Comment by japanuspus

1 month ago

> Identity -- This is a difficult problem.

My hope is that in 5 years, I will not have anything in my feeds that have not been signed in a way that I can assign a trust level.

Here in the Nordics, we are already seeing messaging apps such as [hudd] that require government issued ID to sign in. I want this to spread to everything from podcasts and old-school journalism to the soccer-club newsletter, so that I can always connect a piece of information back to a responsible source.

[hudd]: (https://about.hudd.dk/))

So you're simply not interested in reading any random website by random people who don't see a benefit of establishing any form of trust, especially if should not be connected to their official government IDs?

Or to put it differently: Where should this come from, and which issuer would you trust?
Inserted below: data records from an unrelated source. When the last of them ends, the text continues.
lemma spec_if_pbh_rank_deficient:
  fixes A :: "real^'n^'n" and B :: "real^'m^'n" and K :: "real^'n^'m"
  assumes "rank (pbh_matrix c A B) \<noteq> CARD('n)"
  shows "c \<in> spec (A + B ** K)"
proof -
  obtain w where "w \<noteq> 0" and "w v* pbh_matrix c A B = 0"
    using rank_eq_card_if_left_kernel_trivial assms by blast
  then have wA: "w v* cmat A = c *s w" and wB: "w v* cmat B = 0"
    by (auto simp: vector_matrix_mult_pbh_matrix_eq_0_iff vector_matrix_mult_diff_rdistrib
        vector_matrix_mult_mat)
  have "w v* cmat (A + B ** K) = c *s w"
    by (simp add: cmat_add cmat_mult vector_matrix_mult_add_rdistrib vector_matrix_mul_assoc[symmetric]
        wA wB)
  then show ?thesis
    unfolding spec_def using eigenvector_if_left_eigenvector[OF \<open>w \<noteq> 0\<close>] by blast
qed

section \<open>Delta derivatives and linear combinations of solutions\<close>

lemma has_delta_derivative_bounded_linear:
  assumes L: "bounded_linear L" and f: "has_delta_derivative T f f' t"
  shows "has_delta_derivative T (\<lambda>s. L (f s)) (L f') t"
  unfolding has_delta_derivative_def
proof (intro conjI allI impI)
  show "t \<in> T" using f by (simp add: has_delta_derivative_def)
  interpret L: bounded_linear L by (rule L)
  let ?\<sigma> = "sigma_ts T t"
  obtain C where "C > 0" and C: "\<And>x. norm (L x) \<le> norm x * C"
    using L.pos_bounded by blast
  fix e :: real assume "e > 0"
  then obtain d where "d > 0" and d: "\<forall>s\<in>T. \<bar>s - t\<bar> < d \<longrightarrow>
      norm (f ?\<sigma> - f s - (?\<sigma> - s) *\<^sub>R f') \<le> e / C * \<bar>?\<sigma> - s\<bar>"
    using f \<open>C > 0\<close> unfolding has_delta_derivative_def by (metis divide_pos_pos)
  show "\<exists>d>0. \<forall>s\<in>T. \<bar>s - t\<bar> < d \<longrightarrow>
      norm (L (f ?\<sigma>) - L (f s) - (?\<sigma> - s) *\<^sub>R L f') \<le> e * \<bar>?\<sigma> - s\<bar>"
  proof (intro exI conjI ballI impI, rule \<open>d > 0\<close>)
    fix s assume "s \<in> T" "\<bar>s - t\<bar> < d"
    have "norm (L (f ?\<sigma>) - L (f s) - (?\<sigma> - s) *\<^sub>R L f') = norm (L (f ?\<sigma> - f s - (?\<sigma> - s) *\<^sub>R f'))"
      by (simp add: L.diff L.scaleR)
    also have "\<dots> \<le> norm (f ?\<sigma> - f s - (?\<sigma> - s) *\<^sub>R f') * C"
      by (rule C)
    also have "\<dots> \<le> e / C * \<bar>?\<sigma> - s\<bar> * C"
      using d \<open>s \<in> T\<close> \<open>\<bar>s - t\<bar> < d\<close> \<open>C > 0\<close> by (intro mult_right_mono) auto
    finally show "norm (L (f ?\<sigma>) - L (f s) - (?\<sigma> - s) *\<^sub>R L f') \<le> e * \<bar>?\<sigma> - s\<bar>"
      using \<open>C > 0\<close> by simp
  qed
qed
(* Consider the full-duplex (FD) single-stage relay selection (SRS) scheme described in the context, with $\varpi=1$, thresholds $\gamma_{th_j}=2^{R_{D_j}}-1$ for $j=1,2$, and power coefficients satisfying $0<a_1<a_2$, $a_1+a_2=1$, $a_2>a_1\gamma_{th_2}$. Then its diversity order is zero: $$-\lim_{\rho\to\infty}\frac{\log P_{SRS}^{FD}(\rho)}{\log\rho}=0 .$$
   Context: Network model. A base station (BS) is at the origin of the plane. There are $K\ge 1$ relays $R_1,\dots,R_K$ whose positions are i.i.d. uniformly distributed in the disc of radius $R_{\mathcal D}>0$ centred at the origin; $d_{SR_i}$ is the distance from the BS to $R_i$. Two users $D_1,D_2$ are at fixed points of the plane at distances $d_1,d_2>0$ from the BS, and $d_{R_iD_j}$ is the Euclidean distance between $R_i$ and $D_j$. Let $\alpha>0$ be the path loss exponent. The random variables $g_{SR_i}$, $g_{R_iD_1}$, $g_{R_iD_2}$ ($i=1,\dots,K$) are exponentially distributed with mean $1$ (squared magnitudes of $\mathcal{CN}(0,1)$ Rayleigh coefficients), $Z_i$ ($i=1,\dots,K$) is exponentially distributed with mean $\Omega_{LI}>0$ (loop-interference gain at $R_i$), and all of these are mutually independent and independent of the relay positions. Put $X_i=g_{SR_i}/(1+d_{SR_i}^\alpha)$ and $Y_{ji}=g_{R_iD_j}/(1+d_{R_iD_j}^\alpha)$. Let $\rho>0$ be the transmit SNR, $a_1,a_2$ power allocation coefficients, and $\varpi\in\{0,1\}$ the duplex factor. Define $\gamma_{D_2\to R_i}=\frac{\rho X_i a_2}{\rho X_i a_1+\rho\varpi Z_i+1}$, $\gamma_{D_1\to R_i}=\frac{\rho X_i a_1}{\rho\varpi Z_i+1}$, $\gamma^{(i)}_{D_2\to D_1}=\frac{\rho Y_{1i}a_2}{\rho Y_{1i}a_1+1}$, $\gamma^{(i)}_{D_1}=\rho Y_{1i}a_1$, $\gamma^{(i)}_{D_2}=\frac{\rho Y_{2i}a_2}{\rho Y_{2i}a_1+1}$. Target rates $R_{D_1},R_{D_2}>0$ are given; in FD mode $\varpi=1$ and $\gamma_{th_j}=2^{R_{D_j}}-1$; in HD mode $\varpi=0$ and $\gamma_{th_j}=2^{2R_{D_j}}-1$. SRS scheme: with $W_i=\min\{\gamma_{D_2\to R_i},\gamma^{(i)}_{D_2\to D_1},\gamma^{(i)}_{D_2}\}$, the outage probability is $P_{SRS}(\rho)=\Pr(\max_{1\le i\le K}W_i<\gamma_{th_2})$; $P_{SRS}^{FD}$ denotes it in FD mode. *)

theory Defs
  imports "HOL-Probability.Probability"
begin

text \<open>Points of the plane are modelled as real \<times> real; the norm on real \<times> real is Euclidean.
  One relay's randomness: (position, g_SR, g_RD1, g_RD2, Z).\<close>

type_synonym relay_sample = "(real \<times> real) \<times> real \<times> real \<times> real \<times> real"

definition exp_mean :: "real \<Rightarrow> real measure" where
  "exp_mean m = density lborel (\<lambda>x. ennreal (exponential_density (1 / m) x))"

definition relay_measure :: "real \<Rightarrow> real \<Rightarrow> relay_sample measure" where
  "relay_measure RD Omega =
     uniform_measure lborel (cball (0::real\<times>real) RD) \<Otimes>\<^sub>M
     (exp_mean 1 \<Otimes>\<^sub>M (exp_mean 1 \<Otimes>\<^sub>M (exp_mean 1 \<Otimes>\<^sub>M exp_mean Omega)))"

definition pathloss :: "real \<Rightarrow> real \<Rightarrow> real" where
  "pathloss alpha d = 1 + d powr alpha"

definition W_relay ::
  "real \<Rightarrow> real \<times> real \<Rightarrow> real \<times> real \<Rightarrow> real \<Rightarrow> real \<Rightarrow> real \<Rightarrow> real \<Rightarrow> relay_sample \<Rightarrow> real" where
  "W_relay alpha D1 D2 a1 a2 varpi rho s =
     (case s of (p, gSR, g1, g2, Z) \<Rightarrow>
       let X = gSR / pathloss alpha (norm p);
           Y1 = g1 / pathloss alpha (dist p D1);
           Y2 = g2 / pathloss alpha (dist p D2);
           gD2R = rho * X * a2 / (rho * X * a1 + rho * varpi * Z + 1);
           gD2D1 = rho * Y1 * a2 / (rho * Y1 * a1 + 1);
           gD2 = rho * Y2 * a2 / (rho * Y2 * a1 + 1)
       in min gD2R (min gD2D1 gD2))"

definition P_SRS ::
  "nat \<Rightarrow> real \<Rightarrow> real \<Rightarrow> real \<Rightarrow> real \<times> real \<Rightarrow> real \<times> real \<Rightarrow> real \<Rightarrow> real \<Rightarrow> real \<Rightarrow> real \<Rightarrow> real \<Rightarrow> real" where
  "P_SRS K RD Omega alpha D1 D2 a1 a2 varpi th2 rho =
     measure (PiM {1..K} (\<lambda>_. relay_measure RD Omega))
       {\<omega> \<in> space (PiM {1..K} (\<lambda>_. relay_measure RD Omega)).
          Max ((\<lambda>i. W_relay alpha D1 D2 a1 a2 varpi rho (\<omega> i)) ` {1..K}) < th2}"

end

theory Submission
  imports Defs
begin

text \<open>Loop interference caps the first-hop SINR independently of the transmit SNR:
  \<open>\<gamma>_D2\<rightarrow>R_i < a2 X_i / Z_i\<close>. So whenever every relay has \<open>g_SR_i \<le> 1\<close> (hence \<open>X_i \<le> 1\<close>)
  and \<open>Z_i > a2 / \<gamma>_th2\<close>, the scheme is in outage; by independence this event has probability
  \<open>p^K > 0\<close> with \<open>p\<close> not depending on \<open>\<rho>\<close>. Hence \<open>p^K \<le> P_SRS(\<rho>) \<le> 1\<close>, \<open>log P_SRS(\<rho>)\<close>
  stays bounded, and dividing by \<open>log \<rho>\<close> gives 0.\<close>

lemma space_exp_mean [simp]: "space (exp_mean m) = UNIV"
  by (simp add: exp_mean_def)

lemma sets_exp_mean [simp]: "sets (exp_mean m) = sets borel"
  by (simp add: exp_mean_def)

lemma prob_space_exp_mean: "m > 0 \<Longrightarrow> prob_space (exp_mean m)"
  unfolding exp_mean_def by (rule prob_space_exponential_density) simp

lemma measure_exp_mean_atMost:
  assumes "m > 0" "a \<ge> 0"
  shows "measure (exp_mean m) {..a} = 1 - exp (- a / m)"
proof -
  have "emeasure (exp_mean m) {..a} = erlang_CDF 0 (1 / m) a"
    unfolding exp_mean_def using assms by (intro emeasure_erlang_density) simp
  moreover have "exp (- (a / m)) \<le> 1" using assms by simp
  ultimately show ?thesis using assms by (simp add: measure_def erlang_CDF_def)
qed

lemma measure_exp_mean_greaterThan:
  assumes "m > 0" "a \<ge> 0"
  shows "measure (exp_mean m) {a<..} = exp (- a / m)"
proof -
  interpret prob_space "exp_mean m" using assms(1) by (rule prob_space_exp_mean)
  have "{a<..} = space (exp_mean m) - {..a}" by auto
  then have "measure (exp_mean m) {a<..} = 1 - measure (exp_mean m) {..a}"
    using prob_compl[of "{..a}"] by simp
  then show ?thesis using measure_exp_mean_atMost[OF assms] by simp
qed

lemma measure_exp_mean_greaterThanAtMost:
  assumes "m > 0" "0 \<le> a" "a \<le> b"
  shows "measure (exp_mean m) {a<..b} = exp (- a / m) - exp (- b / m)"
proof -
  interpret prob_space "exp_mean m" using assms by (intro prob_space_exp_mean)
  have "{a<..b} = {..b} - {..a}" by auto
  then have "measure (exp_mean m) {a<..b} = measure (exp_mean m) {..b} - measure (exp_mean m) {..a}"
    using assms by (simp add: finite_measure_Diff)
  then show ?thesis using assms by (simp add: measure_exp_mean_atMost)
qed

lemma prob_space_uniform_cball:
  assumes "r > 0"
  shows "prob_space (uniform_measure lborel (cball (c::'a::euclidean_space) r))"
proof (rule prob_space_uniform_measure)
  have "emeasure lborel (cball c r) = ennreal (measure lborel (cball c r))"
    using emeasure_lborel_cball_finite[of c r] by (intro emeasure_eq_ennreal_measure) auto
  then show "emeasure lborel (cball c r) \<noteq> 0"
    using content_cball_pos[OF assms, of c] by simp
qed (rule less_imp_neq[OF emeasure_lborel_cball_finite])

lemma prob_space_relay_measure:
  "RD > 0 \<Longrightarrow> Omega > 0 \<Longrightarrow> prob_space (relay_measure RD Omega)"
  unfolding relay_measure_def
  by (intro prob_space_pair prob_space_exp_mean prob_space_uniform_cball) auto

lemma emeasure_relay_measure_Times:
  assumes RD: "RD > 0" and Omega: "Omega > 0"
    and A: "A \<in> sets borel" and B: "B \<in> sets borel"
  shows "emeasure (relay_measure RD Omega) (UNIV \<times> A \<times> UNIV \<times> UNIV \<times> B)
    = emeasure (exp_mean 1) A * emeasure (exp_mean Omega) B"
proof -
  interpret E1: prob_space "exp_mean 1" by (simp add: prob_space_exp_mean)
  interpret EO: prob_space "exp_mean Omega" using Omega by (rule prob_space_exp_mean)
  interpret P3: prob_space "exp_mean 1 \<Otimes>\<^sub>M exp_mean Omega"
    by (intro prob_space_pair E1.prob_space_axioms EO.prob_space_axioms)
  interpret P2: prob_space "exp_mean 1 \<Otimes>\<^sub>M (exp_mean 1 \<Otimes>\<^sub>M exp_mean Omega)"
    by (intro prob_space_pair E1.prob_space_axioms P3.prob_space_axioms)
  interpret P1: prob_space "exp_mean 1 \<Otimes>\<^sub>M (exp_mean 1 \<Otimes>\<^sub>M (exp_mean 1 \<Otimes>\<^sub>M exp_mean Omega))"
    by (intro prob_space_pair E1.prob_space_axioms P2.prob_space_axioms)
  interpret U: prob_space "uniform_measure lborel (cball (0::real \<times> real) RD)"
    using RD by (rule prob_space_uniform_cball)
  have "emeasure (exp_mean 1 \<Otimes>\<^sub>M exp_mean Omega) (UNIV \<times> B) = emeasure (exp_mean Omega) B"
    using EO.emeasure_pair_measure_Times[of UNIV "exp_mean 1" B] B E1.emeasure_space_1 by simp
  then have "emeasure (exp_mean 1 \<Otimes>\<^sub>M (exp_mean 1 \<Otimes>\<^sub>M exp_mean Omega)) (UNIV \<times> UNIV \<times> B)
      = emeasure (exp_mean Omega) B"
    using P3.emeasure_pair_measure_Times[of UNIV "exp_mean 1" "UNIV \<times> B"] B E1.emeasure_space_1
    by simp
  then have "emeasure (exp_mean 1 \<Otimes>\<^sub>M (exp_mean 1 \<Otimes>\<^sub>M (exp_mean 1 \<Otimes>\<^sub>M exp_mean Omega)))
      (A \<times> UNIV \<times> UNIV \<times> B) = emeasure (exp_mean 1) A * emeasure (exp_mean Omega) B"
    using P2.emeasure_pair_measure_Times[of A "exp_mean 1" "UNIV \<times> UNIV \<times> B"] A B by simp
  moreover have "A \<times> UNIV \<times> UNIV \<times> B \<in> P1.events"
    using A B by (intro pair_measureI) auto
  then have "emeasure (relay_measure RD Omega)
      (space (uniform_measure lborel (cball 0 RD)) \<times> A \<times> UNIV \<times> UNIV \<times> B)
      = emeasure (exp_mean 1 \<Otimes>\<^sub>M (exp_mean 1 \<Otimes>\<^sub>M (exp_mean 1 \<Otimes>\<^sub>M exp_mean Omega)))
          (A \<times> UNIV \<times> UNIV \<times> B)"
    unfolding relay_measure_def
    by (simp only: P1.emeasure_pair_measure_Times[OF sets.top] U.emeasure_space_1 mult_1)
  ultimately show ?thesis by simp
qed

lemma measure_relay_measure_Times:
  assumes "RD > 0" "Omega > 0" "A \<in> sets borel" "B \<in> sets borel"
  shows "measure (relay_measure RD Omega) (UNIV \<times> A \<times> UNIV \<times> UNIV \<times> B)
    = measure (exp_mean 1) A * measure (exp_mean Omega) B"
  unfolding measure_def using assms by (simp add: emeasure_relay_measure_Times enn2real_mult)

lemma W_relay_FD_less_threshold:
  assumes "0 \<le> rho" "0 < th" "0 \<le> a1" "0 \<le> a2"
    and "0 \<le> gSR" "gSR \<le> 1" "a2 / th < Z"
  shows "W_relay alpha D1 D2 a1 a2 1 rho (p, gSR, g1, g2, Z) < th"
proof -
  define X where "X = gSR / pathloss alpha (norm p)"
  have "pathloss alpha (norm p) \<ge> 1" by (simp add: pathloss_def)
  then have X: "0 \<le> X" "X \<le> 1"
    using assms by (auto simp: X_def divide_le_eq)
  have "0 \<le> th * (rho * X * a1)" using assms X by simp
  have "a2 < th * Z" using assms by (simp add: pos_divide_less_eq mult.commute)
  have "rho * X * a2 \<le> rho * 1 * a2" using assms X by (intro mult_right_mono mult_left_mono) auto
  also have "\<dots> \<le> rho * (th * Z)" using \<open>a2 < th * Z\<close> assms by (simp add: mult_left_mono)
  also have "\<dots> < th * (rho * X * a1) + rho * (th * Z) + th"
    using \<open>0 \<le> th * (rho * X * a1)\<close> \<open>0 < th\<close> by linarith
  also have "\<dots> = th * (rho * X * a1 + rho * 1 * Z + 1)"
    by (simp add: algebra_simps)
  finally have "rho * X * a2 < th * (rho * X * a1 + rho * 1 * Z + 1)" .
  moreover have "0 \<le> Z"
    using assms divide_nonneg_pos[of a2 th] by linarith
  then have "0 < rho * X * a1 + rho * 1 * Z + 1"
    using assms X by (intro add_nonneg_pos add_nonneg_nonneg mult_nonneg_nonneg) auto
  ultimately have "rho * X * a2 / (rho * X * a1 + rho * 1 * Z + 1) < th"
    by (simp add: pos_divide_less_eq mult.commute)
  then show ?thesis
    unfolding W_relay_def Let_def prod.case X_def[symmetric] by linarith
qed

lemma measurable_W_relay [measurable]:
  "W_relay alpha D1 D2 a1 a2 varpi rho \<in> borel_measurable (relay_measure RD Omega)"
  unfolding W_relay_def relay_measure_def exp_mean_def pathloss_def Let_def by measurable

lemma P_SRS_le_1:
  "RD > 0 \<Longrightarrow> Omega > 0 \<Longrightarrow> P_SRS K RD Omega alpha D1 D2 a1 a2 varpi th rho \<le> 1"
  unfolding P_SRS_def
  by (intro prob_space.prob_le_1 prob_space_PiM prob_space_relay_measure)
And why should anyone else agree with you that this is good?

  • Trust is subjective! Let's establish trust in each other rather than rely on one-size-fits-all solutions.

    Personally, I trust my friends, family, and some public figures and institutions to varying degrees. I want to see social experiences that reflect that.

  • I trust person A, person A trusts B

    When I browse to random site, I can see in my browser that A's first level contact trusts this site.

    Now I can make a decision based on the amount of trust I have on A. Maybe after exploring the site I can mark specific pages or the whole domain as trusted, so people in my network can see the same.

    On a larger level I might trust the Country of Finland, who will only mark their official sites as Trusted. This way I instantly know if I'm on an official site or something pretending to be one.